I'd go with the correct match for your mains. Wait it out if you have to. Did you check AudiogoN?


----------



## MrPorterhouse (Jul 29, 2006)

Otto said:


> Hey Roy,
> 
> I'd go with the correct match for your mains. Wait it out if you have to. Did you check AudiogoN?


That's good advice. While model years generally don't drastically change from year to year, sometimes even minor changes can have a big impact. Considering that you will have to live with your choice, you are better off waiting the few weeks to get a perfect match.


----------



## thajones (Dec 5, 2007)

Unfortunately, Audiogon doesn't have what I'm looking for. I went back to my store, he said I could audition the 270 if I wanted, with a no-loss upgrade to the 290 if I was unsatisfied when they came in. I use the Auto MCACC on my Pioneer Elite receiver, so I debated on if it could handle equalizing the difference, if any. 

But thanks for the advice, I'm glad I didn't go to ebay and potentially get something I couldn't return.

I love that CC390, but it looks to be a beast!

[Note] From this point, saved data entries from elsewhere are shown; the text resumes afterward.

lemma prob_tail_event_ge: "1/2 \<le> prob (tail_event m)"
proof -
  define B where "B k = {\<omega>\<in>space M. \<exists>i\<le>(2::nat)^(m+k+1).
    (1/2) * (2^k * T) powr \<kappa> < \<bar>W (T + real i * (2^(k+1) * T) / 2^(m+k+1)) \<omega> - W T \<omega>\<bar>}" for k
  have B_events: "B k \<in> events" for k
    unfolding B_def using T by - measurable
  have "space M - tail_event m \<subseteq> (\<Union>k\<le>m. B k)"
  proof
    fix \<omega> assume "\<omega> \<in> space M - tail_event m"
    then obtain k i where "\<omega> \<in> space M" "k \<le> m" "i \<le> 2^(m+k+1)"
      and "\<not> \<bar>W (T + real i * (2^(k+1) * T) / 2^(m+k+1)) \<omega> - W T \<omega>\<bar> \<le> (1/2) * (2^k * T) powr \<kappa>"
      unfolding tail_event_def by blast
    then show "\<omega> \<in> (\<Union>k\<le>m. B k)" unfolding B_def not_le by blast
  qed
  then have "prob (space M - tail_event m) \<le> prob (\<Union>k\<le>m. B k)"
    using B_events by (intro finite_measure_mono sets.finite_UN) auto
  also have "\<dots> \<le> (\<Sum>k\<le>m. prob (B k))"
    using B_events by (intro finite_measure_subadditive_finite) auto
  also have "\<dots> \<le> (\<Sum>k\<le>m. 150000 * (2^(k+1) * T)^2 / ((1/2) * (2^k * T) powr \<kappa>)^4)"
    unfolding B_def using T by (intro sum_mono prob_dyadic_max_increment_gt_le) auto
  also have "\<dots> \<le> 1/2" by (rule tail_bound)
  finally show ?thesis using prob_compl[OF events_tail_event[of m]] by simp
qed

lemma block_event_Suc_subset: "block_event (Suc m) j \<subseteq> block_event m j"
  unfolding block_event_def
  using dyadic_grid_Suc[where P="\<lambda>v. \<bar>W (real j * \<Delta> + v) _ - W (real j * \<Delta>) _\<bar> \<le> \<eta>/4" and r=m and L=\<Delta>]
  by blast

lemma tail_event_Suc_subset: "tail_event (Suc m) \<subseteq> tail_event m"
proof -
  have "\<forall>i\<le>2^(m+k+1). \<bar>W (T + real i * (2^(k+1) * T) / 2^(m+k+1)) \<omega> - W T \<omega>\<bar> \<le> (1/2) * (2^k * T) powr \<kappa>"
    if "\<forall>i\<le>2^(Suc m+k+1). \<bar>W (T + real i * (2^(k+1) * T) / 2^(Suc m+k+1)) \<omega> - W T \<omega>\<bar> \<le> (1/2) * (2^k * T) powr \<kappa>"
    for k \<omega>
    using dyadic_grid_Suc[where P="\<lambda>v. \<bar>W (T + v) \<omega> - W T \<omega>\<bar> \<le> (1/2) * (2^k * T) powr \<kappa>"
        and r="m+k+1" and L="2^(k+1) * T"] that by simp
  then show ?thesis unfolding tail_event_def by (auto simp: le_Suc_eq)
qed

lemma decseq_escape_event: "decseq escape_event"
  unfolding escape_event_def using block_event_Suc_subset tail_event_Suc_subset
  by (intro decseq_SucI) blast

definition mesh :: "nat \<Rightarrow> real" where "mesh m = \<Delta> / 2^m"

definition block_indices :: "nat \<Rightarrow> nat \<Rightarrow> nat set" where
  "block_indices m j =
    (if j < n then {j*2^m..<j*2^m + 2^m} else {n*2^m..<n*2^m + 2^(2*m+1)*n})"

definition grid_increments :: "nat \<Rightarrow> nat \<Rightarrow> 'a \<Rightarrow> nat \<Rightarrow> real" where
  "grid_increments m j \<omega> = (\<lambda>l\<in>block_indices m j. W (real (Suc l) * mesh m) \<omega> - W (real l * mesh m) \<omega>)"

definition block_pred :: "nat \<Rightarrow> nat \<Rightarrow> (nat \<Rightarrow> real) \<Rightarrow> bool" where
  "block_pred m j f =
    (if j < n then (\<forall>i\<le>2^m. \<bar>\<Sum>l\<in>{j*2^m..<j*2^m + i}. f l\<bar> \<le> \<eta>/4) \<and> \<bar>(\<Sum>l\<in>{j*2^m..<j*2^m + 2^m}. f l) - d\<bar> \<le> e
     else (\<forall>k\<le>m. \<forall>i\<le>2^(m+k+1). \<bar>\<Sum>l\<in>{n*2^m..<n*2^m + i*n}. f l\<bar> \<le> (1/2) * (2^k * T) powr \<kappa>))"

lemma mesh_pos: "0 < mesh m"
  unfolding mesh_def using Delta_pos by simp

lemma mesh_block_point: "real (j*2^m + i) * mesh m = real j * \<Delta> + real i * \<Delta> / 2^m"
  by (simp add: mesh_def field_simps)

lemma mesh_block_start: "real (j*2^m) * mesh m = real j * \<Delta>"
  by (simp add: mesh_def field_simps)

lemma mesh_block_end: "real (j*2^m + 2^m) * mesh m = real j * \<Delta> + \<Delta>"
  by (simp add: mesh_def field_simps)

lemma mesh_tail_start: "real (n*2^m) * mesh m = T"
  unfolding mesh_def by (simp add: Delta_def)

lemma mesh_tail_point: "real (n*2^m + i*n) * mesh m = T + real i * (2^(k+1) * T) / 2^(m+k+1)"
  unfolding mesh_def by (simp add: Delta_def power_add field_simps)

lemma sum_grid_increments:
  assumes "{i..<i'} \<subseteq> block_indices m j" "i \<le> i'"
  shows "(\<Sum>l\<in>{i..<i'}. grid_increments m j \<omega> l) = W (real i' * mesh m) \<omega> - W (real i * mesh m) \<omega>"
  unfolding grid_increments_def using assms by (rule sum_restrict_increments)

lemma block_event_as_pred:
  assumes j: "j < n"
  shows "{\<omega>\<in>space M. block_pred m j (grid_increments m j \<omega>)} = block_event m j"
proof -
  have "(\<Sum>l\<in>{j*2^m..<j*2^m + i}. grid_increments m j \<omega> l)
      = W (real j * \<Delta> + real i * \<Delta> / 2^m) \<omega> - W (real j * \<Delta>) \<omega>" if "i \<le> 2^m" for i \<omega>
  proof -
    have "(\<Sum>l\<in>{j*2^m..<j*2^m + i}. grid_increments m j \<omega> l)
        = W (real (j*2^m + i) * mesh m) \<omega> - W (real (j*2^m) * mesh m) \<omega>"
      using j that by (intro sum_grid_increments) (auto simp: block_indices_def)
    then show ?thesis by (simp only: mesh_block_point mesh_block_start)
  qed
  moreover have "(\<Sum>l\<in>{j*2^m..<j*2^m + 2^m}. grid_increments m j \<omega> l)
      = W (real j * \<Delta> + \<Delta>) \<omega> - W (real j * \<Delta>) \<omega>" for \<omega>
  proof -
    have "(\<Sum>l\<in>{j*2^m..<j*2^m + 2^m}. grid_increments m j \<omega> l)
        = W (real (j*2^m + 2^m) * mesh m) \<omega> - W (real (j*2^m) * mesh m) \<omega>"
      using j by (intro sum_grid_increments) (auto simp: block_indices_def)
    then show ?thesis by (simp only: mesh_block_end mesh_block_start)
  qed
  ultimately show ?thesis
    using j unfolding block_pred_def block_event_def by simp
qed
(* Let $\phi(x,z)$ be an associate of the additive formal group, $V$ a nonlocal vertex algebra and $(W,Y_W)$ a $\phi$-coordinated quasi $V$-module. Let $u,v\in V$ and suppose $q(x_1,x_2)\in\mathbb{C}[[x_1,x_2]]$ satisfies $q(x_1,x_2)Y_W(u,x_1)Y_W(v,x_2)\in\mathrm{Hom}(W,W((x_1,x_2)))$. Then $$q(\phi(x_2,x_0),x_2)Y_W(Y(u,x_0)v,x_2)=\big(q(x_1,x_2)Y_W(u,x_1)Y_W(v,x_2)\big)|_{x_1=\phi(x_2,x_0)}.$$
   Context: An associate is $\phi(x,z)\in\mathbb{C}((x))[[z]]$ with $\phi(x,0)=x$ and $\phi(\phi(x,x_2),x_0)=\phi(x,x_0+x_2)$. Substitutions $x_1=\phi(x_2,x_0)$ into power series in $x_1,x_2$ or into elements of $\mathrm{Hom}(W,W((x_1,x_2)))$ give elements of $\mathbb{C}((x_2))[[x_0]]$ resp. $\mathrm{Hom}(W,W((x_2)))[[x_0]]$. A nonlocal vertex algebra: $(V,Y,\mathbf1)$ with $Y:V\to\mathrm{Hom}(V,V((x)))$, $Y(\mathbf1,x)=1$, $Y(v,x)\mathbf1\in V[[x]]$ with constant term $v$, and for $u,v,w$ some $l$ with $(x_0+x_2)^lY(u,x_0+x_2)Y(v,x_2)w=(x_0+x_2)^lY(Y(u,x_0)v,x_2)w$. A $\phi$-coordinated quasi $V$-module: $W$ with $Y_W:V\to\mathrm{Hom}(W,W((x)))$, $Y_W(\mathbf1,x)=1_W$, such that for $u,v\in V$ there exists $p(x,y)\in\mathbb{C}[[x,y]]$ with $p(\phi(x,z),x)\ne0$, $p(x_1,x_2)Y_W(u,x_1)Y_W(v,x_2)\in\mathrm{Hom}(W,W((x_1,x_2)))$ and $p(\phi(x_2,x_0),x_2)Y_W(Y(u,x_0)v,x_2)=(p(x_1,x_2)Y_W(u,x_1)Y_W(v,x_2))|_{x_1=\phi(x_2,x_0)}$. *)

theory Defs
  imports "HOL-Computational_Algebra.Formal_Laurent_Series" "HOL-Library.Groups_Big_Fun"
begin

(* C((x))[[z]]   = complex fls fps   (an associate phi(x,z) lives here).
   A (vector-space valued) formal series is represented by its coefficient
   function; coefficients are indexed by the exponent (not by the mode index):
     Y u v n        = coefficient of x^n in Y(u,x)v,
     YW u w n       = coefficient of x^n in Y_W(u,x)w.
   Infinite formal sums whose coefficients are (provably) finite sums are
   written with Sum_any (sum over the finite support). *)

(* phi(x,z)^m in C((x))[[z]] for an integer m (phi has invertible constant
   term x, so negative powers exist in C((x))[[z]]) *)
definition phi_pow :: "complex fls fps \<Rightarrow> int \<Rightarrow> complex fls fps" where
  "phi_pow \<phi> m = (if 0 \<le> m then \<phi> ^ nat m else inverse \<phi> ^ nat (- m))"

definition phi_coeff :: "complex fls fps \<Rightarrow> nat \<Rightarrow> int \<Rightarrow> int \<Rightarrow> complex" where
  "phi_coeff \<phi> k m j = fls_nth (fps_nth (phi_pow \<phi> m) k) j"

(* phi is an associate of the additive formal group:
   phi(x,0) = x  and  phi(phi(x,x2),x0) = phi(x,x0+x2).
   Coefficient of x0^i x2^j x^p on the left:  sum_m a_{i,m} [x2^j x^p] phi(x,x2)^m
   (where phi(x,z) = sum_i a_i(x) z^i, a_i(x) = sum_m a_{i,m} x^m);
   on the right: binom(i+j,i) a_{i+j,p}. *)
definition is_associate :: "complex fls fps \<Rightarrow> bool" where
  "is_associate \<phi> \<longleftrightarrow>
     fps_nth \<phi> 0 = fls_X \<and>
     (\<forall>i j p. Sum_any (\<lambda>m. fls_nth (fps_nth \<phi> i) m * phi_coeff \<phi> j m p)
              = of_nat ((i + j) choose i) * fls_nth (fps_nth \<phi> (i + j)) p)"

(* f :: int => 'a lies in A((x)) (finitely many negative powers) *)
definition lower_trunc :: "(int \<Rightarrow> 'a::zero) \<Rightarrow> bool" where
  "lower_trunc f \<longleftrightarrow> (\<exists>N. \<forall>n<N. f n = 0)"

(* F :: int => int => 'a lies in A((x1,x2)) *)
definition lower_trunc2 :: "(int \<Rightarrow> int \<Rightarrow> 'a::zero) \<Rightarrow> bool" where
  "lower_trunc2 F \<longleftrightarrow> (\<exists>N. \<forall>m n. m < N \<or> n < N \<longrightarrow> F m n = 0)"

definition nonlocal_va ::
  "(complex \<Rightarrow> 'v::ab_group_add \<Rightarrow> 'v) \<Rightarrow> ('v \<Rightarrow> 'v \<Rightarrow> int \<Rightarrow> 'v) \<Rightarrow> 'v \<Rightarrow> bool" where
  "nonlocal_va scV Y one \<longleftrightarrow>
     Vector_Spaces.vector_space scV \<and>
     (\<forall>v n. Vector_Spaces.linear scV scV (\<lambda>u. Y u v n)) \<and>
     (\<forall>u n. Vector_Spaces.linear scV scV (\<lambda>v. Y u v n)) \<and>
     (\<forall>u v. lower_trunc (Y u v)) \<and>
     (\<forall>v n. Y one v n = (if n = 0 then v else 0)) \<and>
     (\<forall>v n. n < 0 \<longrightarrow> Y v one n = 0) \<and>
     (\<forall>v. Y v one 0 = v) \<and>
     (\<forall>u v w. \<exists>l::nat. \<forall>a b::int.
        \<comment> \<open>coefficient of x0^a x2^b in (x0+x2)^l Y(u,x0+x2)Y(v,x2)w\<close>
        Sum_any (\<lambda>i::nat. scV ((of_int (a + int i) :: complex) gchoose i)
                              (Y u (Y v w (b - int i)) (a + int i - int l)))
        \<comment> \<open>coefficient of x0^a x2^b in (x0+x2)^l Y(Y(u,x0)v,x2)w\<close>
      = (\<Sum>i\<le>l. scV (of_nat (l choose i)) (Y (Y u v (a - int (l - i))) w (b - int i))))"

(* coefficient of x1^m x2^n in q(x1,x2) Y_W(u,x1) Y_W(v,x2) w,
   q i j = coefficient of x1^i x2^j in q \<in> C[[x1,x2]] *)
definition qYY ::
  "(complex \<Rightarrow> 'w::ab_group_add \<Rightarrow> 'w) \<Rightarrow> (nat \<Rightarrow> nat \<Rightarrow> complex) \<Rightarrow> ('v \<Rightarrow> 'w \<Rightarrow> int \<Rightarrow> 'w)
   \<Rightarrow> 'v \<Rightarrow> 'v \<Rightarrow> 'w \<Rightarrow> int \<Rightarrow> int \<Rightarrow> 'w" where
  "qYY scW q YW u v w m n =
     Sum_any (\<lambda>(i::nat, j::nat). scW (q i j) (YW u (YW v w (n - int j)) (m - int i)))"

(* coefficient of x0^k x2^p in q(phi(x2,x0),x2) \<in> C((x2))[[x0]] *)
definition q_subst :: "complex fls fps \<Rightarrow> (nat \<Rightarrow> nat \<Rightarrow> complex) \<Rightarrow> nat \<Rightarrow> int \<Rightarrow> complex" where
  "q_subst \<phi> q k p = Sum_any (\<lambda>(i::nat, j::nat). q i j * phi_coeff \<phi> k (int i) (p - int j))"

Might be ok below my 57"


----------



## John N (Jan 2, 2007)

Can you purchase a single mini monitor and use it for a center? I'd think that would be the perfect match.

I have studio 40 ver 2's with the "matching " center channel and when you send a test tone to center it does not sound like the left and right speaker. 

I have a set of mini monitors (ver3) in my living room, they are the best bang for the buck.


----------



## thajones (Dec 5, 2007)

John N said:


> Can you purchase a single mini monitor and use it for a center? I'd think that would be the perfect match.
> 
> I have studio 40 ver 2's with the "matching " center channel and when you send a test tone to center it does not sound like the left and right speaker.
> 
> I have a set of mini monitors (ver3) in my living room, they are the best bang for the buck.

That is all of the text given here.